If you then ask your DBMS to eliminate duplicates with SELECT DISTINCT ... then it has to sort 100000 duplicate rows per different row, because duplicates can be detected by sorting only (or hashing, but never mind). If you have 1000 different rows for freelancers on markets, niches, languages etc, then you are asking your DBMS to SORT 1.000 * 100.000 = 100.000.000 rows to reduce the duplicates down to the unique 1000 rows.
That is 100 million unnecessary rows.
Please make UNIQUE (freelancer_id, niche_id) for freelancer_by_niche and the other JOIN tables.
(By data duplicates i mean that the data (niche_id, freelancer_id) is the same, and only the id is auto incremented serial.)
You can easily reproduce the problem by doing the following:
-- this duplicates all data of your JOIN tables once. Do it many times.
INSERT INTO freelancer_by_niche
SELECT (niche_id, freelancer_id) FROM freelancer_by_niche;
INSERT INTO freelancer_by_medium
SELECT (medium_id, freelancer_id) FROM freelancer_by_medium;
INSERT INTO freelancer_by_market
SELECT (market_id, freelancer_id) FROM freelancer_by_market;
INSERT INTO freelancer_by_format
SELECT (format_id, freelancer_id) FROM freelancer_by_format;
INSERT INTO freelancer_by_lang
SELECT (lang_id, freelancer_id) FROM freelancer_by_lang;
Display the duplicates using
SELECT * FROM freelancer_by_lang;
Now try the SELECT * FROM freelancer INNER JOIN ... thing.
If it still runs fast, then do all the INSERT INTO freelancer_by_niche ... again and again, until it takes forever to calculate the results.
(or you get duplicates, which you can remove with DISTINCT).

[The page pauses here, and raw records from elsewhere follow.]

lemma det_pad_principal_transpose:
  assumes "C \<in> carrier_mat m m"
  shows "det (pad_principal m \<beta> (transpose_mat C)) = det (pad_principal m \<beta> C)"
proof -
  have "pad_principal m \<beta> (transpose_mat C) = transpose_mat (pad_principal m \<beta> C)"
    using assms by (intro eq_matI) (auto simp: pad_principal_def)
  then show ?thesis by (metis det_transpose pad_principal_carrier)
qed


section \<open>Expansions in principal minors\<close>

lemma signof_prod_add_diag:
  fixes C :: "'a :: comm_ring_1 mat"
  assumes p: "p permutes {0..<m}" and S: "S \<subseteq> {0..<m}"
  shows "signof p * ((\<Prod>a\<in>S. if p a = a then d a else 0) * (\<Prod>a\<in>{0..<m} - S. C $$ (a, p a)))
    = (\<Prod>a\<in>S. d a) * (signof p * (\<Prod>a\<in>{0..<m}. pad_principal m ({0..<m} - S) C $$ (a, p a)))"
proof (cases "\<forall>a\<in>S. p a = a")
  case True
  have pm: "\<And>a. a < m \<Longrightarrow> p a < m" using p by (simp add: permutes_in_image)
  have 1: "(\<Prod>a\<in>S. if p a = a then d a else 0) = (\<Prod>a\<in>S. d a)"
    using True by (intro prod.cong) auto
  have split: "(\<Prod>a\<in>{0..<m}. pad_principal m ({0..<m} - S) C $$ (a, p a)) =
     (\<Prod>a\<in>S. pad_principal m ({0..<m} - S) C $$ (a, p a))
     * (\<Prod>a\<in>{0..<m} - S. pad_principal m ({0..<m} - S) C $$ (a, p a))"
    using prod.subset_diff[OF S] by (simp add: mult.commute)
  have 2: "(\<Prod>a\<in>S. pad_principal m ({0..<m} - S) C $$ (a, p a)) = 1"
    using True S by (intro prod.neutral) (auto simp: pad_principal_def)
  have 3: "(\<Prod>a\<in>{0..<m} - S. pad_principal m ({0..<m} - S) C $$ (a, p a))
      = (\<Prod>a\<in>{0..<m} - S. C $$ (a, p a))"
  proof (intro prod.cong refl)
    fix a assume a: "a \<in> {0..<m} - S"
    have "p a \<notin> S"
    proof
      assume "p a \<in> S"
      then have "p (p a) = p a" using True by auto
      then have "p a = a" using permutes_inj[OF p] by (auto dest: injD)
      then show False using a \<open>p a \<in> S\<close> by auto
    qed
    then show "pad_principal m ({0..<m} - S) C $$ (a, p a) = C $$ (a, p a)"
      using a pm[of a] by (auto simp: pad_principal_def)
  qed
  show ?thesis unfolding 1 split 2 3 by simp
next
  case False
  then obtain a where a: "a \<in> S" "p a \<noteq> a" by auto
  have "finite S" using S finite_subset by blast
  then have 1: "(\<Prod>a\<in>S. if p a = a then d a else 0) = 0"
    using a by (intro prod_zero) auto
  have "a < m" "p a < m" using a S p by (auto simp: permutes_in_image)
  then have 2: "(\<Prod>a\<in>{0..<m}. pad_principal m ({0..<m} - S) C $$ (a, p a)) = 0"
    using a by (intro prod_zero) (auto intro!: bexI[of _ a] simp: pad_principal_def)
  show ?thesis unfolding 1 2 by simp
qed

lemma det_add_diag_mat:
  fixes C :: "'a :: comm_ring_1 mat"
  assumes C: "C \<in> carrier_mat m m"
  shows "det (C + mat m m (\<lambda>(a,b). if a = b then d a else 0)) =
    (\<Sum>\<beta>\<in>Pow {0..<m}. (\<Prod>a\<in>{0..<m} - \<beta>. d a) * det (pad_principal m \<beta> C))"
proof -
  let ?U = "{0..<m}"
  let ?D = "mat m m (\<lambda>(a,b). if a = b then d a else 0)"
  have CD: "C + ?D \<in> carrier_mat m m" using C by auto
  have "det (C + ?D) = (\<Sum>p\<in>{p. p permutes ?U}. signof p * (\<Prod>a\<in>?U. (C + ?D) $$ (a, p a)))"
    by (rule det_def'[OF CD])
  also have "\<dots> = (\<Sum>p\<in>{p. p permutes ?U}. signof p * (\<Sum>S\<in>Pow ?U.
      (\<Prod>a\<in>S. if p a = a then d a else 0) * (\<Prod>a\<in>?U - S. C $$ (a, p a))))"
  proof (rule sum.cong[OF refl])
    fix p assume "p \<in> {p. p permutes ?U}"
    then have pm: "\<And>a. a < m \<Longrightarrow> p a < m" by (simp add: permutes_in_image)
    have "(\<Prod>a\<in>?U. (C + ?D) $$ (a, p a)) = (\<Prod>a\<in>?U. (if p a = a then d a else 0) + C $$ (a, p a))"
      by (rule prod.cong[OF refl]) (use C pm in \<open>auto\<close>)
    also have "\<dots> = (\<Sum>S\<in>Pow ?U. (\<Prod>a\<in>S. if p a = a then d a else 0) * (\<Prod>a\<in>?U - S. C $$ (a, p a)))"
      by (rule prod_add) simp
    finally show "signof p * (\<Prod>a\<in>?U. (C + ?D) $$ (a, p a)) = signof p * (\<Sum>S\<in>Pow ?U.
      (\<Prod>a\<in>S. if p a = a then d a else 0) * (\<Prod>a\<in>?U - S. C $$ (a, p a)))" by simp
  qed
  also have "\<dots> = (\<Sum>p\<in>{p. p permutes ?U}. \<Sum>S\<in>Pow ?U.
      (\<Prod>a\<in>S. d a) * (signof p * (\<Prod>a\<in>?U. pad_principal m (?U - S) C $$ (a, p a))))"
    unfolding sum_distrib_left by (intro sum.cong refl signof_prod_add_diag) auto
  also have "\<dots> = (\<Sum>S\<in>Pow ?U. \<Sum>p\<in>{p. p permutes ?U}.
      (\<Prod>a\<in>S. d a) * (signof p * (\<Prod>a\<in>?U. pad_principal m (?U - S) C $$ (a, p a))))"
    by (rule sum.swap)
  also have "\<dots> = (\<Sum>S\<in>Pow ?U. (\<Prod>a\<in>S. d a) * det (pad_principal m (?U - S) C))"
    unfolding sum_distrib_left[symmetric] by (subst det_def'[OF pad_principal_carrier]) simp
  also have "\<dots> = (\<Sum>\<beta>\<in>Pow ?U. (\<Prod>a\<in>?U - \<beta>. d a) * det (pad_principal m \<beta> C))"
    by (rule sum.reindex_bij_witness[of _ "\<lambda>\<beta>. ?U - \<beta>" "\<lambda>S. ?U - S"]) (auto simp: double_diff)
  finally show ?thesis .
qed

Create UNIQUE data JOIN tables
You can prevent duplicates in your join tables.
Remove the id SERIAL PRIMARY KEY and replace it with a multi-attribute PRIMARY KEY (a, b):
CREATE TABLE freelancer_by_niche (
niche_id int NOT NULL REFERENCES niche (niche_id),
freelancer_id int NOT NULL REFERENCES freelancer (freelancer_id),
PRIMARY KEY (freelancer_id, niche_id)
);
(Apply this for all your join tables).
The PRIMARY KEY (freelancer_id, niche_id) will create a UNIQUE index.
This way you cannot insert duplicate data (try the INSERTs above, the will be rejected, because the information is already there once. Adding another time will not add more information AND would make your query runtime much slower).
NON-unique index on the other part of the JOIN tables
With PRIMARY KEY (freelancer_id, niche_id), Postgres creates a unique index on these two attributes (columns).
Accessing or JOINing by freelancer_id is fast, because it's first in the index. Accessing or JOINing into freelancer_by_niche.niche_id will be slow (Full Table Scan on freelancer_by_niche).
Therefore you should create an INDEX on the second part niche_id in this table freelancer_by_niche, too.
CREATE INDEX ON freelancer_by_niche (niche_id) ;
Then joins into this table on niche_id will also be faster, because they are accelerated by an index. The index makes queries faster (usually).
Summary
You have a very good normalized database schema! It's very good. But small improvements can be made (see above).